AdvaMedDx, a division of AdvaMed (Washington, DC) focused on IVD policy matters, also vocally supported passage of the legislation. Andrew Fish, executive director of AdvaMedDx, said the law is “a significant milestone for the IVD industry.”

“AdvaMedDx applauds the passage of the historic diagnostics payment reform measures, which will modernize the CLFS and recognize the value of IVDs to healthcare outcomes,” said Fish. “For many years, Medicare’s flawed and outdated CLFS has stifled investment in this critical area of medicine by failing to recognize the value of diagnostics innovation. Furthermore, the CLFS has been frozen or cut in 16 of the last 24 years.

According to Fish, the new reforms in the legislation include a number of key improvements and provide solutions to long-standing flaws in the current payment system for IVD tests. These reforms include the following: 

  • Formation of an independent advisory panel of patients, clinicians, and technical experts to advise Congress and CMS on diagnostic payment rates, specifically for evaluating new IVDs and appropriate reimbursement
  • Creation of a mechanism to align Medicare payment rates with private sector market rates
  • Establishment of a system for rapid assignment of temporary codes for new tests to ensure that patient access is not delayed

“The provisions included in the legislation create a more transparent process for establishing diagnostics payment rates, ensure stakeholder and expert input, better recognize the value of diagnostics innovation, and support timely patient access to new IVDs,” added Fish. “AdvaMedDx commends Congress for addressing longstanding problems with Medicare’s diagnostics reimbursement system, recognizing the full contribution of modern IVDs to healthcare quality and outcomes, and taking these important steps toward ensuring that patients have access to the latest advances in IVD testing. We look forward to working closely with CMS on implementing these important reforms.”
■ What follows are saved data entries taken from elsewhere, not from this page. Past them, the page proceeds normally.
definition quad_loss :: "(real^'m \<Rightarrow> 'p \<Rightarrow> real^'N) \<Rightarrow> (nat \<Rightarrow> real^'m) \<Rightarrow> (nat \<Rightarrow> real^'N) \<Rightarrow> nat \<Rightarrow> 'p \<Rightarrow> real" where
  "quad_loss f xs ys n \<theta> = (1 / real n) * (\<Sum>i<n. (1/2) * (norm (f (xs i) \<theta> - ys i))\<^sup>2)"

definition hess_trace :: "('p::euclidean_space \<Rightarrow> real) \<Rightarrow> 'p \<Rightarrow> real" where
  "hess_trace L \<theta> = (\<Sum>b\<in>Basis. deriv (\<lambda>s. deriv (\<lambda>t. L (\<theta> + t *\<^sub>R b)) s) 0)"

definition sharpness :: "(real^'m \<Rightarrow> 'p::euclidean_space \<Rightarrow> real^'N) \<Rightarrow> (nat \<Rightarrow> real^'m) \<Rightarrow> (nat \<Rightarrow> real^'N) \<Rightarrow> nat \<Rightarrow> 'p \<Rightarrow> real" where
  "sharpness f xs ys n \<theta> = hess_trace (quad_loss f xs ys n) \<theta>"

definition input_jac :: "(real^'m \<Rightarrow> 'p \<Rightarrow> real^'N) \<Rightarrow> 'p \<Rightarrow> real^'m \<Rightarrow> real^'m^'N" where
  "input_jac f \<theta> x = jacobian (\<lambda>z. f z \<theta>) (at x)"

definition local_vol :: "real^'m^'N \<Rightarrow> real" where
  "local_vol J = sqrt (det (J ** transpose J))"

definition LVR :: "(real^'m \<Rightarrow> 'p \<Rightarrow> real^'N) \<Rightarrow> 'p \<Rightarrow> (nat \<Rightarrow> real^'m) \<Rightarrow> nat \<Rightarrow> real" where
  "LVR f \<theta> xs n = (1 / real n) * (\<Sum>i<n. local_vol (input_jac f \<theta> (xs i)))"

definition frob_norm :: "real^'m^'N \<Rightarrow> real" where
  "frob_norm A = sqrt (\<Sum>i\<in>UNIV. \<Sum>j\<in>UNIV. (A $ i $ j)\<^sup>2)"

definition spec_norm :: "real^'m^'d \<Rightarrow> real" where
  "spec_norm W = onorm (\<lambda>x. W *v x)"

end

theory Submission
  imports Defs
begin

text \<open>
  First inequality: \<open>J J\<^sup>T\<close> is the Gram matrix of the rows of \<open>J\<close>, so by Hadamard's
  inequality and AM-GM, \<open>det (J J\<^sup>T) \<le> \<Prod>\<^sub>i \<parallel>J\<^sub>i\<parallel>\<^sup>2 \<le> (\<parallel>J\<parallel>\<^sub>F\<^sup>2 / N)\<^sup>N\<close>.

  Second inequality: at an interpolating parameter all residuals vanish, so the Hessian of the
  quadratic loss is the Gauss-Newton matrix and its trace is \<open>(1/n) \<Sum>\<^sub>i \<parallel>\<partial>\<^sub>\<theta> f(x\<^sub>i)\<parallel>\<^sub>F\<^sup>2\<close>.
  Keeping only the first-layer directions, where \<open>\<partial>\<^sub>W f(x\<^sub>i)[U] = J\<^sub>g(W x\<^sub>i) U x\<^sub>i\<close>, gives
  \<open>n S \<ge> \<Sum>\<^sub>i \<parallel>x\<^sub>i\<parallel>\<^sup>2 \<parallel>J\<^sub>g(W x\<^sub>i)\<parallel>\<^sub>F\<^sup>2\<close>. On the other hand \<open>J\<^sub>f(x\<^sub>i) = J\<^sub>g(W x\<^sub>i) W\<close>, hence
  \<open>\<parallel>J\<^sub>f(x\<^sub>i)\<parallel>\<^sub>F\<^sup>2 \<le> (\<parallel>W\<parallel>\<^sub>2\<^sup>2 / \<parallel>x\<^sub>i\<parallel>\<^sup>2) \<cdot> \<parallel>x\<^sub>i\<parallel>\<^sup>2 \<parallel>J\<^sub>g(W x\<^sub>i)\<parallel>\<^sub>F\<^sup>2\<close>. Raising this to the power
  \<open>N/2\<close>, Cauchy-Schwarz over \<open>i\<close> and \<open>\<Sum>\<^sub>i a\<^sub>i\<^sup>N \<le> (\<Sum>\<^sub>i a\<^sub>i)\<^sup>N\<close> conclude.
\<close>

lemma prod_le_mean_power:
  fixes x :: "'a \<Rightarrow> real"
  assumes "finite S" and nonneg: "\<And>i. i \<in> S \<Longrightarrow> 0 \<le> x i"
  shows "(\<Prod>i\<in>S. x i) \<le> ((\<Sum>i\<in>S. x i) / card S) ^ card S"
proof (cases "S = {}")
  case True
  then show ?thesis by simp
next
  case False
  let ?P = "\<Prod>i\<in>S. x i"
  have "card S > 0"
    using \<open>finite S\<close> False by (simp add: card_gt_0_iff)
  have "0 \<le> ?P"
    using nonneg by (simp add: prod_nonneg)
  then have "?P = (?P powr (1 / card S)) powr card S"
    using \<open>card S > 0\<close> by (simp add: powr_powr)
  also have "\<dots> = (?P powr (1 / card S)) ^ card S"
    using \<open>card S > 0\<close> by (simp add: powr_realpow')
  also have "\<dots> \<le> ((\<Sum>i\<in>S. x i) / card S) ^ card S"
    using arith_geom_mean[OF \<open>finite S\<close> False nonneg]
    by (intro power_mono) (simp_all add: sum_divide_distrib)
  finally show ?thesis .
qed

lemma powr_half_of_nat:
  fixes x :: real
  assumes "0 \<le> x" and "N > 0"
  shows "x powr (real N / 2) = sqrt (x ^ N)"
  using assms by (simp add: powr_half_sqrt_powr powr_realpow')
lemma mean_winner_signal: "measure_pmf.expectation I (\<lambda>x. fst (snd x)) = \<mu>"
  using calibrated_signal_orthogonal[OF finite_support calibrated_winner, of "\<lambda>_. 1"]
    expectation_ctr[of fst] mean_ctr by simp

lemma outcome_revenue_le_point:
  assumes x: "x \<in> set_pmf I"
  shows "outcome_revenue (fst x) (snd x)
           \<le> fst (fst x) * snd (fst x) / fst (snd x) + (snd (snd x) - snd (fst x))"
proof -
  obtain R1 R2 X Y where x_eq: "x = ((R1, R2), (X, Y))" by (metis prod.collapse)
  note bounds = ctr_bounds[OF x] signal_bounds[OF x]
  show ?thesis
  proof (cases "X = 0")
    case True
    then have "fst x = (0, 0)" using winner_signal_zero(1)[OF x] x_eq by simp
    then show ?thesis using bounds r2'_nonneg x_eq by (simp add: outcome_revenue_zero_ctr)
  next
    case False
    then have "0 < X" using bounds r1'_nonneg x_eq by simp
    have "R2 \<le> R1" using ctr_cases[OF x] r2_le_r1 uniform_winner x_eq by auto
    then have "outcome_revenue (R1, R2) (X, Y) \<le> R1 * Y / X"
      using \<open>0 < X\<close> bounds x_eq r2'_nonneg by (intro outcome_revenue_le_ratio) simp_all
    also have "\<dots> = R1 * R2 / X + (Y - R2) + (R1 - X) * (Y - R2) / X"
      using \<open>0 < X\<close> by (simp add: field_simps)
    also have "\<dots> \<le> R1 * R2 / X + (Y - R2)"
    proof -
      have "(R1 - X) * (Y - R2) \<le> 0"
        using ctr_cases[OF x] bounds x_eq
        by (auto intro: mult_nonneg_nonpos mult_nonpos_nonneg)
      then have "(R1 - X) * (Y - R2) / X \<le> 0" using \<open>0 < X\<close> by (rule divide_nonpos_pos)
      then show ?thesis by linarith
    qed
    finally show ?thesis using x_eq by simp
  qed
qed

lemma revenue_le_expected_ratio:
  "revenue I \<le> measure_pmf.expectation I (\<lambda>x. fst (fst x) * snd (fst x) / fst (snd x))"
proof -
  have "revenue I \<le> measure_pmf.expectation I
          (\<lambda>x. fst (fst x) * snd (fst x) / fst (snd x) + (snd (snd x) - snd (fst x)))"
    unfolding revenue_def case_prod_beta
    by (intro integral_mono_AE integrable AE_pmfI outcome_revenue_le_point)
  also have "\<dots> = measure_pmf.expectation I (\<lambda>x. fst (fst x) * snd (fst x) / fst (snd x))"
    using calibrated_signal_orthogonal[OF finite_support calibrated_loser, of "\<lambda>_. 1"] by simp
  finally show ?thesis .
qed

lemma expected_ratio_le:
  "measure_pmf.expectation I (\<lambda>x. fst (fst x) * snd (fst x) / fst (snd x))
     \<le> (p * r1 * r2 + (1 - p) * r1' * r2') / \<mu>"
proof (cases "r1' = r1")
  case True
  then have "\<mu> = r1" using mean_ctr by (simp add: algebra_simps)
  have "fst (snd x) = \<mu>" if "x \<in> set_pmf I" for x
    using signal_bounds[OF that] True \<open>\<mu> = r1\<close> by simp
  then have "measure_pmf.expectation I (\<lambda>x. fst (fst x) * snd (fst x) / fst (snd x))
          = measure_pmf.expectation I (\<lambda>x. fst (fst x) * snd (fst x) / \<mu>)"
    by (intro integral_cong_AE) (simp_all add: AE_measure_pmf_iff)
  also have "\<dots> = (p * r1 * r2 + (1 - p) * r1' * r2') / \<mu>"
    using expectation_ctr[of "\<lambda>(a, b). a * b / \<mu>"] by (simp add: case_prod_beta add_divide_distrib mult.assoc)
  finally show ?thesis by simp
next
  case False
  then have "r1' < r1" using r1'_le_r1 by simp
  then obtain \<alpha> \<beta> where affine: "r1 * r2 = \<alpha> + \<beta> * r1" "r1' * r2' = \<alpha> + \<beta> * r1'"
    and "\<alpha> \<le> 0" "0 \<le> \<beta>"
    using product_affine_on_two_points r1'_nonneg r2'_nonneg congruent_loser by metis
  define W where "W x = (fst (fst x) - fst (snd x)) * (1 / fst (snd x))" for x :: point
  have W_orthogonal: "measure_pmf.expectation I W = 0"
    unfolding W_def by (rule calibrated_signal_orthogonal[OF finite_support calibrated_winner])
  have "measure_pmf.expectation I (\<lambda>x. fst (fst x) * snd (fst x) / fst (snd x))
          \<le> measure_pmf.expectation I (\<lambda>x. \<alpha> * (2 / \<mu> - fst (snd x) / \<mu>\<^sup>2) + \<beta> + \<beta> * W x)"
  proof (intro integral_mono_AE integrable AE_pmfI)
    fix x assume x: "x \<in> set_pmf I"
    have "fst (fst x) * snd (fst x) = \<alpha> + \<beta> * fst (fst x)"
      using ctr_cases[OF x] affine by auto
    moreover have "fst (snd x) = 0 \<Longrightarrow> \<alpha> = 0"
      using winner_signal_zero[OF x] affine(2) by simp
    ultimately show "fst (fst x) * snd (fst x) / fst (snd x)
        \<le> \<alpha> * (2 / \<mu> - fst (snd x) / \<mu>\<^sup>2) + \<beta> + \<beta> * W x"
      unfolding W_def using \<open>\<alpha> \<le> 0\<close> \<open>0 \<le> \<beta>\<close> mean_ctr_pos signal_bounds(1)[OF x] r1'_nonneg
      by (intro product_ratio_le_tangent) auto
  qed
  also have "\<dots> = \<alpha> * (2 / \<mu> - \<mu> / \<mu>\<^sup>2) + \<beta>"
    using mean_winner_signal by (simp add: W_orthogonal)
  also have "\<dots> = (\<alpha> + \<beta> * \<mu>) / \<mu>"
    using mean_ctr_pos by (simp add: field_simps power2_eq_square)
  also have "\<alpha> + \<beta> * \<mu> = p * (\<alpha> + \<beta> * r1) + (1 - p) * (\<alpha> + \<beta> * r1')"
    unfolding mean_ctr by (simp add: algebra_simps)
  finally show ?thesis using affine by (simp add: mult.assoc)
qed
The IVD industry is no stranger to Medicare reimbursement reform legislation, having seen it before in the past. In 2006, a bipartisan group of Congressmen introduced the Advanced Laboratory Diagnostics Act of 2006, which was designed to reform Medicare reimbursement policies that discouraged the development and adoption of new clinical lab tests.

The provisions in this bill aimed to do the following: improve current processes for obtaining adequate reimbursement for new clinical diagnostic lab tests; provide more transparency with respect to Medicare reimbursement decisions; and afford timely correction of historic payment errors that often lead to inadequate payment.

In 2007, Senator Charles E. Schumer (D–NY) introduced the Medicare Advanced Laboratory Diagnostics Act of 2007. This act was the Senate companion bill to the legislation of the same name that Rep. Bobby Rush (D–IL) re-introduced earlier in the House of Representatives.

The Schumer bill incorporated the same provisions from the Rush legislation: creating a new private-public process for evaluating the accuracy of payment rates for individual tests, defining more explicitly the current process by the CMS for gathering public input on payment rates for new laboratory tests, and requiring CMS to develop a new gap-fill process.

“Medicare's antiquated payment system stymies research and development that could generate cutting-edge screening and diagnostic tests,” said Schumer in a written statement. “This bill will ensure that reimbursements for these tests are appropriate so that Medicare patients are not deprived of the health benefits that come with access to the newest lab technology.”

Does any of this sound familiar? Granted the big differences this time around are that the reforms to Medicare reimbursement for IVDs are part of a larger piece of legislation and, more importantly, the bill was signed into law by the President. However, the question remains whether Medicare will actually follow through on the reforms dictated in this law and to what extent these reforms will affect and benefit IVD manufacturers.